Section 22 of the same circular defines idle funds as the level of funds which an entity can freely invest in government securities and/or fixed term deposits after considering provisions for coverage of regular and recurring operating expenses like salaries and wages, repairs and maintenance, inventories and supplies, debt servicing, etc., within the context of the entity’s cash operating cycle.

The audit of the PLGU’s cash in banks as of December 31, 2024 revealed that it has eight (8) Time Deposit accounts with two local banks totaling ₱352,930,155.73.

Based on previous financial statements, the placement of these TDs has been practiced by the LGU for a long time, with the LGU earning interest income from these deposits.

The COA team, however, observed that loans were acquired by the LGU from 2021 to 2024 to finance programs and projects despite the existence of idle funds.

It said that as per consolidated financial statements, the total domestic loans payable of the LGU amounted to ₱126,226,176.95, with the placements in the TDs more than enough to cover the loans at the end of 2024.

Likewise, comparison of the income from TD placements and the interest expense paid disclosed that for CY 2024, the interest expense incurred exceeded the income earned by ₱5.267 million, the government watchdog stressed.
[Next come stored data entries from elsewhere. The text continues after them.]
lemma integral_indicator_Icc_affine:
  fixes a b p q :: real assumes "a \<le> b"
  shows "(LINT x|lborel. indicator {a..b} x * (p * x + q)) = p * (b\<^sup>2 - a\<^sup>2) / 2 + q * (b - a)"
proof -
  have "(LINT x|lborel. indicator {a..b} x *\<^sub>R (p * x + q)) = (p*b\<^sup>2/2 + q*b) - (p*a\<^sup>2/2 + q*a)"
  proof (rule integral_FTC_atLeastAtMost[OF assms])
    fix x
    have "((\<lambda>x. p*x\<^sup>2/2 + q*x) has_real_derivative p * x + q) (at x within {a..b})"
      by (auto intro!: derivative_eq_intros)
    then show "((\<lambda>x. p*x\<^sup>2/2 + q*x) has_vector_derivative p * x + q) (at x within {a..b})"
      by (simp add: has_real_derivative_iff_has_vector_derivative)
  qed (auto intro!: continuous_intros)
  then show ?thesis by (simp add: field_simps)
qed

lemma integral_indicator_Ioc_affine:
  fixes a b p q :: real assumes "a \<le> b"
  shows "(LINT x|lborel. indicator {a<..b} x * (p * x + q)) = p * (b\<^sup>2 - a\<^sup>2) / 2 + q * (b - a)"
proof -
  have "(LINT x|lborel. indicator {a<..b} x * (p * x + q)) = (LINT x|lborel. indicator {a..b} x * (p * x + q))"
    by (rule integral_cong_AE)
       (auto intro!: eventually_mono[OF AE_lborel_singleton[of a]] split: split_indicator)
  with integral_indicator_Icc_affine[OF assms] show ?thesis by simp
qed

lemma integrable_indicator_Icc_affine:
  "integrable lborel (\<lambda>x. indicator {a..b} x * (p * x + q :: real))"
  using borel_integrable_atLeastAtMost[of a b "\<lambda>x. p * x + q"] by (simp add: mult.commute)

lemma integrable_indicator_Ioc_affine:
  "integrable lborel (\<lambda>x. indicator {a<..b} x * (p * x + q :: real))"
proof (rule integrable_cong_AE_imp[OF integrable_indicator_Icc_affine])
  show "AE x in lborel. indicator {a..b} x * (p * x + q) = indicator {a<..b} x * (p * x + q)"
    by (auto intro!: eventually_mono[OF AE_lborel_singleton[of a]] split: split_indicator)
qed measurable

lemmas integral_piecewise_affine =
  integral_indicator_Icc_affine integral_indicator_Ioc_affine
  integrable_indicator_Icc_affine integrable_indicator_Ioc_affine
  Bochner_Integration.integral_add Bochner_Integration.integrable_add

lemma integral_abs_mult_near_far_kernel:
  "(LINT x|lborel. \<bar>x\<bar> * near_far_kernel d1 d2 x) = 40 * d1 + d2"
proof -
  have "\<bar>x\<bar> * near_far_kernel d1 d2 x =
      indicator {-11..-9} x * (- d1 * x + 0) + indicator {9..11} x * (d1 * x + 0)
    + indicator {-1..0} x * (- d2 * x + 0) + indicator {0<..1} x * (d2 * x + 0)" for x :: real
    by (auto simp: near_far_kernel_def split: split_indicator)
  then show ?thesis
    by (simp only: integral_piecewise_affine) (simp add: power2_eq_square)
qed

lemma interaction_halfline_halfline:
  fixes e :: real assumes e: "e > 0"
  shows "(LINT x|lborel. indicator {..-e} x * conv (rescale e (near_far_kernel 0 d2)) (indicator {e..}) x) = 0"
proof -
  have "indicator {..-e} x * conv (rescale e (near_far_kernel 0 d2)) (indicator {e..}) x = 0" for x
    using e by (auto simp: conv_rescale_near_far_kernel_indicator measure_lborel_Icc_max split: split_indicator)
  then show ?thesis by (simp only: integral_zero)
qed

lemma interaction_layer_halfline:
  fixes e :: real assumes e: "e > 0"
  shows "(LINT x|lborel. indicator {-e..e} x * conv (rescale e (near_far_kernel d1 d2)) (indicator {e..}) x)
    = 4 * d1 * e + d2 * e / 2"
proof -
  have "indicator {-e..e} x * conv (rescale e (near_far_kernel d1 d2)) (indicator {e..}) x =
      indicator {-e..e} x * (0 * x + 2 * d1) + indicator {0..e} x * (d2 / e * x + 0)" for x
    using e by (auto simp: conv_rescale_near_far_kernel_indicator measure_lborel_Icc_max max_def field_simps
        split: split_indicator)
  then show ?thesis
    using e by (simp only: integral_piecewise_affine) (auto simp: field_simps power2_eq_square)
qed

lemma interaction_halfline_layer:
  fixes e :: real assumes e: "e > 0"
  shows "(LINT x|lborel. indicator {e..} x * conv (rescale e (near_far_kernel d1 d2)) (indicator {-e..e}) x)
    = 4 * d1 * e + d2 * e / 2"
proof -
  have "indicator {e..} x * conv (rescale e (near_far_kernel d1 d2)) (indicator {-e..e}) x =
      indicator {8*e..10*e} x * (d1 / e * x + - 8 * d1) + indicator {10*e<..12*e} x * (- d1 / e * x + 12 * d1)
    + indicator {e..2*e} x * (- d2 / e * x + 2 * d2)" for x
    using e by (auto simp: conv_rescale_near_far_kernel_indicator measure_lborel_Icc_max max_def min_def field_simps
        split: split_indicator)
  then show ?thesis
    using e by (simp only: integral_piecewise_affine) (auto simp: field_simps power2_eq_square)
qed

lemma sum_phases: "(\<Sum>i\<in>phases. f i) = f 1 + f 2 + (f 3 :: real)"
  by (simp add: phases_def)

lemma ball_phases: "(\<forall>i\<in>phases. P i) \<longleftrightarrow> P 1 \<and> P 2 \<and> P 3"
  by (simp add: phases_def)

lemma sum_I3: "(\<Sum>(i, j)\<in>I3. f i j) = f 1 2 + f 1 3 + f 2 1 + f 2 3 + f 3 1 + (f 3 2 :: real)"
proof -
  have I3_eq: "I3 = {(1,2), (1,3), (2,1), (2,3), (3,1), (3,2)}"
    by (auto simp: I3_def phases_def)
  show ?thesis unfolding I3_eq by simp
qed

lemma sigma_eq:
  "sigma 1 2 = 1/2" "sigma 2 1 = 1/2"
  "sigma 1 3 = 20 * delta1 + delta2 / 2" "sigma 3 1 = 20 * delta1 + delta2 / 2"
  "sigma 2 3 = 20 * delta1 + delta2 / 2" "sigma 3 2 = 20 * delta1 + delta2 / 2"
  "sigma 1 1 = 0" "sigma 2 2 = 0" "sigma 3 3 = 0"
  unfolding sigma_def Kern_eq_near_far_kernel by (simp_all add: integral_abs_mult_near_far_kernel)

lemma mu_eq: "mu 1 2 = 1/2" "mu 1 3 = 1 / (2 * delta2)" "mu 2 3 = 1 / (2 * delta2)"
  unfolding mu_def Kern_eq_near_far_kernel by (simp_all add: near_far_kernel_def)

lemma mu_inv_eq:
  "mu_inv 1 2 = 2" "mu_inv 2 1 = 2"
  "mu_inv 1 3 = 2 * delta2" "mu_inv 3 1 = 2 * delta2"
  "mu_inv 2 3 = 2 * delta2" "mu_inv 3 2 = 2 * delta2"
  "mu_inv 1 1 = 0" "mu_inv 2 2 = 0" "mu_inv 3 3 = 0"
  unfolding mu_inv_def mu_def Kern_eq_near_far_kernel by (simp_all add: near_far_kernel_def delta2_def)

text \<open>For \<open>\<xi>\<^sub>3 = -\<xi>\<^sub>1 - \<xi>\<^sub>2\<close> the quadratic form equals \<open>2a\<xi>\<^sub>1\<xi>\<^sub>2 - 2b(\<xi>\<^sub>1 + \<xi>\<^sub>2)\<^sup>2\<close>,
  and \<open>4\<xi>\<^sub>1\<xi>\<^sub>2 \<le> (\<xi>\<^sub>1 + \<xi>\<^sub>2)\<^sup>2\<close>.\<close>
lemma cond_neg_semidef_isosceles:
  fixes A :: "nat \<Rightarrow> nat \<Rightarrow> real"
  assumes "A 1 1 = 0" "A 2 2 = 0" "A 3 3 = 0" "A 1 2 = a" "A 2 1 = a"
    "A 1 3 = b" "A 3 1 = b" "A 2 3 = b" "A 3 2 = b" and "0 \<le> a" "a \<le> 4 * b"
  shows "cond_neg_semidef A"
  unfolding cond_neg_semidef_def
proof (intro allI impI)
  fix \<xi> :: "nat \<Rightarrow> real"
  assume "(\<Sum>i\<in>phases. \<xi> i) = 0"
  then have \<xi>3: "\<xi> 3 = - \<xi> 1 - \<xi> 2" by (simp add: sum_phases)
  define s where "s = \<xi> 1 + \<xi> 2"
  have form: "(\<Sum>i\<in>phases. \<Sum>j\<in>phases. A i j * \<xi> i * \<xi> j) = 2 * a * \<xi> 1 * \<xi> 2 - 2 * b * s\<^sup>2"
    unfolding sum_phases assms \<xi>3 s_def by (simp add: algebra_simps power2_eq_square)
  have "4 * \<xi> 1 * \<xi> 2 \<le> s\<^sup>2"
    using sum_squares_ge_zero[of "\<xi> 1 - \<xi> 2" 0] by (simp add: s_def power2_eq_square algebra_simps)
  then have "a * (4 * \<xi> 1 * \<xi> 2) \<le> 4 * b * s\<^sup>2"
    using \<open>0 \<le> a\<close> \<open>a \<le> 4 * b\<close> by (meson mult_left_mono mult_right_mono order_trans zero_le_power2)
  then show "(\<Sum>i\<in>phases. \<Sum>j\<in>phases. A i j * \<xi> i * \<xi> j) \<le> 0"
    unfolding form by linarith
qed

lemma u_eps_eq: "u_eps e 1 = indicator {e..}" "u_eps e 2 = indicator {..-e}" "u_eps e 3 = indicator {-e..e}"
  by (auto simp: u_eps_def)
While the LGU is allowed to place its idle funds in time deposits as per Section 21 of COA Circular 92-382, sound financial management would entail a regular review of the results of past actions against the desired results, the report said.

This would require the participation of the Local Finance Committee (LFC) responsible for financial oversight of the province particularly the revenues and its applications pursuant to Section 316 of RA 7160 or the Local Government Code of 1991.

“(P)lacement of cash in time deposits caused the agency to incur higher costs by acquiring bank loans instead of using the funds for programs and projects in the annual budget or through a supplemental budget,” the audit report maintained, adding that as per bank confirmation, the time deposits were dormant as of the end of 2024.